Segment Start: Given information

(*
  Put h = Kf - f; by compactness of Omega the hypothesis gives |h| <= 1 pointwise. Since
  f x = (Kf)(a x), the commutator maps (phi1, phi2) to (h * K phi2, L(-h * phi1)).
  Multiplication by h is an L^2 contraction, K is an L^2 isometry because mu is shift
  invariant, and L is an L^2 contraction because |L phi|^2 <= L |phi|^2 pointwise while
  integrating (g(0x) + g(1x))/2 against mu gives the integral of g.
*)

(* Second countability makes the product sigma-algebra of mu the Borel one, so continuous
   functions on Omega are mu-measurable. *)
instance bool :: second_countable_topology
proof
  show "\<exists>B::bool set set. countable B \<and> open = generate_topology B"
    by (intro exI[of _ "range (\<lambda>a. {..<a}) \<union> range (\<lambda>a. {a<..})"]) (simp add: open_bool_def)
qed

lemma sets_mu: "sets mu = sets (borel :: omega measure)"
proof -
  have "sets mu = sets (PiM UNIV (\<lambda>_::nat. borel :: bool measure))"
    unfolding mu_def by (intro sets_PiM_cong) (auto simp: sets_borel_eq_count_space)
  also have "\<dots> = sets borel"
    by (rule sets_PiM_equal_borel)
  finally show ?thesis .
qed

lemma borel_measurable_mu_continuous:
  fixes f :: "omega \<Rightarrow> 'a::topological_space"
  assumes "continuous_on UNIV f"
  shows "f \<in> borel_measurable mu"
  using borel_measurable_continuous_onI[OF assms] measurable_cong_sets[OF sets_mu refl] by blast
lemma mixed_ext_P3_simple_no_isolated:
  assumes "t1 \<noteq> 0" "t2 \<noteq> 0" "t3 \<noteq> 0"
  shows "simple_graph (mixed_ext_P3 t1 t2 t3) \<and> no_isolated (mixed_ext_P3 t1 t2 t3)"
  using simple_graph_blowup_graph[OF blowup_graph_mixed_ext_P3]
    no_isolated_three_blocks[OF blowup_graph_mixed_ext_P3 fst_mixed_ext_P3] assms
  by (auto simp: symp_def eval_nat_numeral All_less_Suc Ex_less_Suc)

lemma clique_plus_split_simple_no_isolated:
  assumes "2 \<le> a" "0 < b" "0 < c"
  shows "simple_graph (disj_union (K a) (complete_split b c)) \<and> no_isolated (disj_union (K a) (complete_split b c))"
  using simple_graph_blowup_graph[OF blowup_graph_clique_plus_split]
    no_isolated_three_blocks[OF blowup_graph_clique_plus_split fst_clique_plus_split] assms
  by (auto simp: symp_def eval_nat_numeral All_less_Suc Ex_less_Suc)

lemma clique_plus_bipartite_simple_no_isolated:
  assumes "2 \<le> a" "0 < b" "0 < c"
  shows "simple_graph (disj_union (K a) (complete_bip b c)) \<and> no_isolated (disj_union (K a) (complete_bip b c))"
  using simple_graph_blowup_graph[OF blowup_graph_clique_plus_bipartite]
    no_isolated_three_blocks[OF blowup_graph_clique_plus_bipartite fst_clique_plus_bipartite] assms
  by (auto simp: symp_def eval_nat_numeral All_less_Suc Ex_less_Suc)

lemma char_poly_mixed_ext_P3_coclique_middle:
  assumes "0 < p" "0 < q"
  shows "char_poly (adj_mat (mixed_ext_P3 (int p) (- int q) (int p))) =
    [:1,1:] ^ (2 * (p - 1)) * [:0,1:] ^ (q - 1) *
    ([:-(real p - 1), 1:] * [:-(2 * real p * real q), -(real p - 1), 1:])"
proof -
  define R where "R = (\<lambda>k l. (k = l \<and> 0 < [int p, - int q, int p] ! k) \<or> (k = 1) \<noteq> (l = 1))"
  \<comment> \<open>The factor f stays folded so that simp does not multiply out the product.\<close>
  define f where "f = [:-(real p - 1), 1:] * [:-(2 * real p * real q), -(real p - 1), 1:]"
  have "R 0 0" "\<not> R 1 1" "R 2 2"
    using assms by (simp_all add: R_def)
  moreover have "det (blowup_mat 3 id (\<lambda>l. of_nat ([p, q, p] ! l)) (\<lambda>k. [:of_bool (R k k), 1:])
      (\<lambda>k l. - of_bool (R k l))) = f"
    unfolding f_def using assms by (intro poly_ext) (simp add: R_def det_3x3 blowup_mat_def algebra_simps)
  ultimately have "char_poly (adj_mat (mixed_ext_P3 (int p) (- int q) (int p))) =
      [:1,1:] ^ (p - 1) * [:0,1:] ^ (q - 1) * [:1,1:] ^ (p - 1) * f"
    using char_poly_three_blocks[OF blowup_graph_mixed_ext_P3[of "int p" "- int q" "int p", folded R_def]]
      assms
    by (simp add: fst_mixed_ext_P3)
  also have "\<dots> = [:1,1:] ^ (2 * (p - 1)) * [:0,1:] ^ (q - 1) * f"
    unfolding mult_2 power_add by (simp only: ac_simps)
  finally show ?thesis
    unfolding f_def .
qed

lemma char_poly_mixed_ext_P3_clique_middle:
  assumes "0 < p" "0 < q"
  shows "char_poly (adj_mat (mixed_ext_P3 (int p) (int q) (int p))) =
    [:1,1:] ^ (2 * (p - 1) + (q - 1)) *
    ([:-(real p - 1), 1:] * [:-(real p * real q + real p + real q - 1), -(real p + real q - 2), 1:])"
proof -
  define R where "R = (\<lambda>k l. (k = l \<and> 0 < [int p, int q, int p] ! k) \<or> (k = 1) \<noteq> (l = 1))"
  define f where "f = [:-(real p - 1), 1:] * [:-(real p * real q + real p + real q - 1), -(real p + real q - 2), 1:]"
  have "R 0 0" "R 1 1" "R 2 2"
    using assms by (simp_all add: R_def)
  moreover have "det (blowup_mat 3 id (\<lambda>l. of_nat ([p, q, p] ! l)) (\<lambda>k. [:of_bool (R k k), 1:])
      (\<lambda>k l. - of_bool (R k l))) = f"
    unfolding f_def using assms by (intro poly_ext) (simp add: R_def det_3x3 blowup_mat_def algebra_simps)
  ultimately have "char_poly (adj_mat (mixed_ext_P3 (int p) (int q) (int p))) =
      [:1,1:] ^ (p - 1) * [:1,1:] ^ (q - 1) * [:1,1:] ^ (p - 1) * f"
    using char_poly_three_blocks[OF blowup_graph_mixed_ext_P3[of "int p" "int q" "int p", folded R_def]]
      assms
    by (simp add: fst_mixed_ext_P3)
  also have "\<dots> = [:1,1:] ^ (2 * (p - 1) + (q - 1)) * f"
    unfolding mult_2 power_add by (simp only: ac_simps)
  finally show ?thesis
    unfolding f_def .
qed

lemma char_poly_clique_plus_split:
  assumes "0 < a" "0 < b" "0 < c"
  shows "char_poly (adj_mat (disj_union (K a) (complete_split b c))) =
    [:1,1:] ^ ((a - 1) + (b - 1)) * [:0,1:] ^ (c - 1) *
    ([:-(real a - 1), 1:] * [:-(real b * real c), -(real b - 1), 1:])"
proof -
  define R where "R = (\<lambda>(k::nat) (l::nat). (k = 0 \<and> l = 0) \<or> (k \<noteq> 0 \<and> l \<noteq> 0 \<and> (k = 1 \<or> l = 1)))"
  define f where "f = [:-(real a - 1), 1:] * [:-(real b * real c), -(real b - 1), 1:]"
  have "R 0 0" "R 1 1" "\<not> R 2 2"
    by (simp_all add: R_def)
  moreover have "det (blowup_mat 3 id (\<lambda>l. of_nat ([a, b, c] ! l)) (\<lambda>k. [:of_bool (R k k), 1:])
      (\<lambda>k l. - of_bool (R k l))) = f"
    unfolding f_def by (intro poly_ext) (simp add: R_def det_3x3 blowup_mat_def algebra_simps)
  ultimately have "char_poly (adj_mat (disj_union (K a) (complete_split b c))) =
      [:1,1:] ^ (a - 1) * [:1,1:] ^ (b - 1) * [:0,1:] ^ (c - 1) * f"
    using char_poly_three_blocks[OF blowup_graph_clique_plus_split[of a b c, folded R_def]
        fst_clique_plus_split assms]
    by simp
  also have "\<dots> = [:1,1:] ^ ((a - 1) + (b - 1)) * [:0,1:] ^ (c - 1) * f"
    unfolding power_add by (simp only: ac_simps)
  finally show ?thesis
    unfolding f_def .
qed

lemma char_poly_clique_plus_bipartite:
  assumes "0 < a" "0 < b" "0 < c"
  shows "char_poly (adj_mat (disj_union (K a) (complete_bip b c))) =
    [:1,1:] ^ (a - 1) * [:0,1:] ^ ((b - 1) + (c - 1)) *
    ([:-(real a - 1), 1:] * [:-(real b * real c), 0, 1:])"
proof -
  define R where "R = (\<lambda>(k::nat) (l::nat). (k = 0 \<and> l = 0) \<or> (k \<noteq> 0 \<and> l \<noteq> 0 \<and> k \<noteq> l))"
  define f where "f = [:-(real a - 1), 1:] * [:-(real b * real c), 0, 1:]"
  have "R 0 0" "\<not> R 1 1" "\<not> R 2 2"
    by (simp_all add: R_def)
  moreover have "det (blowup_mat 3 id (\<lambda>l. of_nat ([a, b, c] ! l)) (\<lambda>k. [:of_bool (R k k), 1:])
      (\<lambda>k l. - of_bool (R k l))) = f"
    unfolding f_def by (intro poly_ext) (simp add: R_def det_3x3 blowup_mat_def algebra_simps)
  ultimately have "char_poly (adj_mat (disj_union (K a) (complete_bip b c))) =
      [:1,1:] ^ (a - 1) * [:0,1:] ^ (b - 1) * [:0,1:] ^ (c - 1) * f"
    using char_poly_three_blocks[OF blowup_graph_clique_plus_bipartite[of a b c, folded R_def]
        fst_clique_plus_bipartite assms]
    by simp
  also have "\<dots> = [:1,1:] ^ (a - 1) * [:0,1:] ^ ((b - 1) + (c - 1)) * f"
    unfolding power_add by (simp only: ac_simps)
  finally show ?thesis
    unfolding f_def .
qed

section \<open>Spectra\<close>

lemma filter_mset_replicate_mset:
  "filter_mset P (replicate_mset n x) = (if P x then replicate_mset n x else {#})"
  by (induction n) auto
lemma rapidly_decreasing_dirs:
  assumes f: "smooth_on ({0<..<T} \<times> UNIV \<times> UNIV) (unc f)" and dec: "rapid_decay {0<..<T} f"
    and bs: "set bs \<subseteq> Basis"
  shows "rapidly_decreasing T (dirs bs (unc f))"
  unfolding rapidly_decreasing_def
proof (intro conjI allI impI)
  show "continuous_on (half_slab T) (dirs bs (unc f))"
    by (rule continuous_on_subset[OF smooth_on_dirs_continuous_on[OF f bs]]) auto
  fix K and N :: nat assume K: "compact K" "K \<subseteq> {0<..<T}"
  obtain C where "\<forall>t\<in>K. \<forall>r z. \<bar>dirs bs (unc f) (t, r, z)\<bar> * (1 + r\<^sup>2 + z\<^sup>2) ^ N \<le> C"
    using dec[unfolded rapid_decay_def, rule_format, OF bs K, of N] by blast
  then show "\<exists>C. \<forall>t\<in>K. \<forall>r>0. \<forall>z. \<bar>dirs bs (unc f) (t, r, z)\<bar> * (1 + r\<^sup>2 + z\<^sup>2) ^ N \<le> C"
    by blast
qed

section \<open>Integrals over the half plane \<open>r > 0\<close>\<close>

definition cauchy_weight :: "real \<Rightarrow> real" where
  "cauchy_weight x = inverse (1 + x\<^sup>2)"

lemma cauchy_weight_pos: "0 < cauchy_weight x"
  by (simp add: cauchy_weight_def add_pos_nonneg)

lemma cauchy_weight_nonneg [simp]: "0 \<le> cauchy_weight x"
  using cauchy_weight_pos[of x] by simp

lemma cauchy_weight_le_1: "cauchy_weight x \<le> 1"
  by (simp add: cauchy_weight_def inverse_le_1_iff)

lemma integrable_cauchy_weight: "integrable lborel cauchy_weight"
  using integrable_inverse_1_plus_square
  by (simp add: set_integrable_def cauchy_weight_def[abs_def])

lemma cauchy_weight_tendsto_0: "(cauchy_weight \<longlongrightarrow> 0) at_top" "(cauchy_weight \<longlongrightarrow> 0) at_bot"
  unfolding cauchy_weight_def by real_asymp+

lemma rapidly_decreasing_cauchy_bound:
  assumes "rapidly_decreasing T H" "compact K" "K \<subseteq> {0<..<T}"
  shows "\<exists>C\<ge>0. \<forall>t\<in>K. \<forall>r>0. \<forall>z. \<bar>H (t, r, z)\<bar> \<le> C * cauchy_weight r * cauchy_weight z"
proof -
  obtain C where C: "\<And>t r z. t \<in> K \<Longrightarrow> 0 < r \<Longrightarrow> \<bar>H (t, r, z)\<bar> * (1 + r\<^sup>2 + z\<^sup>2) ^ 2 \<le> C"
    using rapidly_decreasing_bound[OF assms, where N=2] by blast
  have "\<bar>H (t, r, z)\<bar> \<le> max C 0 * cauchy_weight r * cauchy_weight z" if "t \<in> K" "0 < r" for t r z
  proof -
    have P: "0 < (1 + r\<^sup>2) * (1 + z\<^sup>2)"
      by (simp add: add_pos_nonneg)
    have "(1 + r\<^sup>2) * (1 + z\<^sup>2) \<le> (1 + r\<^sup>2 + z\<^sup>2) * (1 + r\<^sup>2 + z\<^sup>2)"
      by (intro mult_mono) auto
    then have "\<bar>H (t, r, z)\<bar> * ((1 + r\<^sup>2) * (1 + z\<^sup>2)) \<le> \<bar>H (t, r, z)\<bar> * (1 + r\<^sup>2 + z\<^sup>2) ^ 2"
      unfolding power2_eq_square[of "1 + r\<^sup>2 + z\<^sup>2"] by (rule mult_left_mono) simp
    also have "\<dots> \<le> max C 0"
      using C[OF that, of z] by linarith
    finally have "\<bar>H (t, r, z)\<bar> \<le> max C 0 / ((1 + r\<^sup>2) * (1 + z\<^sup>2))"
      by (simp only: pos_le_divide_eq[OF P])
    then show ?thesis
      by (simp add: cauchy_weight_def divide_inverse mult.assoc)
  qed
  then show ?thesis by (intro exI[of _ "max C 0"]) auto
qed
lemma subseq_limit_inner_le:
  fixes u :: "nat \<Rightarrow> 'a::real_inner"
  assumes "(u \<circ> r) \<longlonglongrightarrow> t" "strict_mono r" "b \<longlonglongrightarrow> 0" "\<And>K. K \<ge> 1 \<Longrightarrow> v \<bullet> (u K - z) \<le> b K"
  shows "v \<bullet> (t - z) \<le> 0"
proof (rule LIMSEQ_le)
  show "(\<lambda>n. v \<bullet> ((u \<circ> r) n - z)) \<longlonglongrightarrow> v \<bullet> (t - z)" by (intro tendsto_intros assms(1))
  show "(b \<circ> r) \<longlonglongrightarrow> 0" by (rule LIMSEQ_subseq_LIMSEQ[OF assms(3,2)])
  have "r n \<ge> 1" if "n \<ge> 1" for n using seq_suble[OF assms(2), of n] that by linarith
  then show "\<exists>N. \<forall>n\<ge>N. v \<bullet> ((u \<circ> r) n - z) \<le> (b \<circ> r) n" using assms(4) by auto
qed

locale regularized_extragradient =
  fixes X :: "'a::euclidean_space set"
    and F H :: "'a \<Rightarrow> 'a"
    and LF LH \<mu>H \<gamma> :: real
    and \<eta> \<Gamma> \<theta> :: "nat \<Rightarrow> real"
    and x y ybar :: "nat \<Rightarrow> 'a"
  assumes X: "X \<noteq> {}" "closed X" "convex X" "bounded X"
    and F_lip: "LF-lipschitz_on X F" and F_mono: "monotone_op X F"
    and H_lip: "LH-lipschitz_on X H" and H_smono: "strongly_monotone_op \<mu>H X H"
    and SOL_ne: "SOL X F \<noteq> {}"
    and \<gamma>_pos: "\<gamma> > 0"
    and \<eta>_pos: "\<And>k. \<eta> k > 0"
    and \<eta>_noninc: "\<And>k. \<eta> (Suc k) \<le> \<eta> k"
    and step: "\<And>k. \<gamma>\<^sup>2 * LF\<^sup>2 + \<gamma> * \<eta> k * \<mu>H + \<gamma>\<^sup>2 * (\<eta> k)\<^sup>2 * LH\<^sup>2 \<le> 0.5"
    and x0: "x 0 \<in> X" and ybar0: "ybar 0 \<in> X"
    and \<Gamma>0: "\<Gamma> 0 = 0"
    and \<theta>0: "\<theta> 0 = 1 / (1 - \<gamma> * \<eta> 0 * \<mu>H)"
    and y_rec: "\<And>k. y (Suc k) = proj X (x k - \<gamma> *\<^sub>R (F (x k) + \<eta> k *\<^sub>R H (x k)))"
    and x_rec: "\<And>k. x (Suc k) = proj X (x k - \<gamma> *\<^sub>R (F (y (Suc k)) + \<eta> k *\<^sub>R H (y (Suc k))))"
    and \<Gamma>_rec: "\<And>k. \<Gamma> (Suc k) = \<Gamma> k + \<eta> k * \<theta> k"
    and ybar_rec: "\<And>k. ybar (Suc k) =
          (1 / \<Gamma> (Suc k)) *\<^sub>R (\<Gamma> k *\<^sub>R ybar k + (\<eta> k * \<theta> k) *\<^sub>R y (Suc k))"
    and \<theta>_rec: "\<And>k. \<theta> (Suc k) = \<theta> k / (1 - \<gamma> * \<eta> (Suc k) * \<mu>H)"
begin

lemma compact_X: "compact X"
  using X by (simp add: compact_eq_bounded_closed)

lemma continuous_F: "continuous_on X F"
  using F_lip by (rule lipschitz_on_continuous_on)

lemma continuous_H: "continuous_on X H"
  using H_lip by (rule lipschitz_on_continuous_on)

lemma compact_SOL: "compact (SOL X F)" and convex_SOL: "convex (SOL X F)"
  using compact_convex_SOL[OF compact_X X(3) continuous_F F_mono] by auto

lemma continuous_H_SOL: "continuous_on (SOL X F) H"
  using continuous_H SOL_subset by (rule continuous_on_subset)

lemma contraction_pos: "1 - \<gamma> * \<eta> k * \<mu>H > 0"
proof -
  have "\<gamma>\<^sup>2 * LF\<^sup>2 \<ge> 0" "\<gamma>\<^sup>2 * (\<eta> k)\<^sup>2 * LH\<^sup>2 \<ge> 0" by auto
  then show ?thesis using step[of k] by linarith
qed

lemma \<theta>_pos: "\<theta> k > 0"
  by (induction k) (use \<theta>0 \<theta>_rec contraction_pos in auto)

text \<open>The paper's \<open>\<theta>\<^sub>k\<^sub>-\<^sub>1\<close>, with \<open>\<theta>\<^sub>-\<^sub>1 = 1\<close>.\<close>
definition \<theta>_prev :: "nat \<Rightarrow> real" where
  "\<theta>_prev k = (case k of 0 \<Rightarrow> 1 | Suc j \<Rightarrow> \<theta> j)"

lemma \<theta>_contraction: "\<theta> k * (1 - \<gamma> * \<eta> k * \<mu>H) = \<theta>_prev k"
  using contraction_pos[of k] by (cases k) (auto simp: \<theta>_prev_def \<theta>0 \<theta>_rec)

lemma \<theta>_prev_pos: "\<theta>_prev k > 0"
  by (cases k) (auto simp: \<theta>_prev_def \<theta>_pos)

lemma \<Gamma>_eq_sum: "\<Gamma> K = (\<Sum>j<K. \<eta> j * \<theta> j)"
  by (induction K) (auto simp: \<Gamma>0 \<Gamma>_rec)

lemma weight_sum_pos: "K \<ge> 1 \<Longrightarrow> (\<Sum>j<K. \<eta> j * \<theta> j) > 0"
  using \<eta>_pos \<theta>_pos by (intro sum_pos) (auto simp: lessThan_empty_iff)

lemma x_in_X: "x k \<in> X"
  by (cases k) (simp_all add: x0 x_rec proj_in X(1,2))

lemma y_in_X: "y (Suc k) \<in> X"
  by (simp add: y_rec proj_in X(1,2))

lemma ybar_in_X: "ybar k \<in> X"
proof (induction k)
  case (Suc k)
  have \<Gamma>: "\<Gamma> (Suc k) > 0" "\<Gamma> k \<ge> 0"
    using weight_sum_pos[of "Suc k"] sum_nonneg[of "{..<k}" "\<lambda>j. \<eta> j * \<theta> j"] \<eta>_pos \<theta>_pos
    by (auto simp: \<Gamma>_eq_sum less_imp_le)
  have "ybar (Suc k) = (1 - (\<eta> k * \<theta> k) / \<Gamma> (Suc k)) *\<^sub>R ybar k + ((\<eta> k * \<theta> k) / \<Gamma> (Suc k)) *\<^sub>R y (Suc k)"
    using \<Gamma> by (simp add: ybar_rec \<Gamma>_rec scaleR_add_right field_simps)
  also have "\<dots> \<in> X"
    using \<Gamma> \<eta>_pos[of k] \<theta>_pos[of k] \<Gamma>_rec[of k]
    by (intro convexD_alt X Suc y_in_X) auto
  finally show ?case .
qed (rule ybar0)

lemma weighted_sum_ybar: "\<Gamma> K *\<^sub>R ybar K = (\<Sum>j<K. (\<eta> j * \<theta> j) *\<^sub>R y (Suc j))"
proof (induction K)
  case (Suc K)
  have "\<Gamma> (Suc K) \<noteq> 0" using weight_sum_pos[of "Suc K"] by (simp add: \<Gamma>_eq_sum)
  then show ?case using Suc by (simp add: ybar_rec)
qed (simp add: \<Gamma>0)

Segment End: Given information

— Task description —
Copy out, word for word, the part of the entries above that begins at the line with "by (cases k) (auto simp: \<theta>_prev_def \<theta>_pos)" and ends at the line with "1 \<Longrightarrow> (\<Sum>j<K.", including both.

— Result of this task —
  by (cases k) (auto simp: \<theta>_prev_def \<theta>_pos)

lemma \<Gamma>_eq_sum: "\<Gamma> K = (\<Sum>j<K. \<eta> j * \<theta> j)"
  by (induction K) (auto simp: \<Gamma>0 \<Gamma>_rec)

lemma weight_sum_pos: "K \<ge> 1 \<Longrightarrow> (\<Sum>j<K. \<eta> j * \<theta> j) > 0"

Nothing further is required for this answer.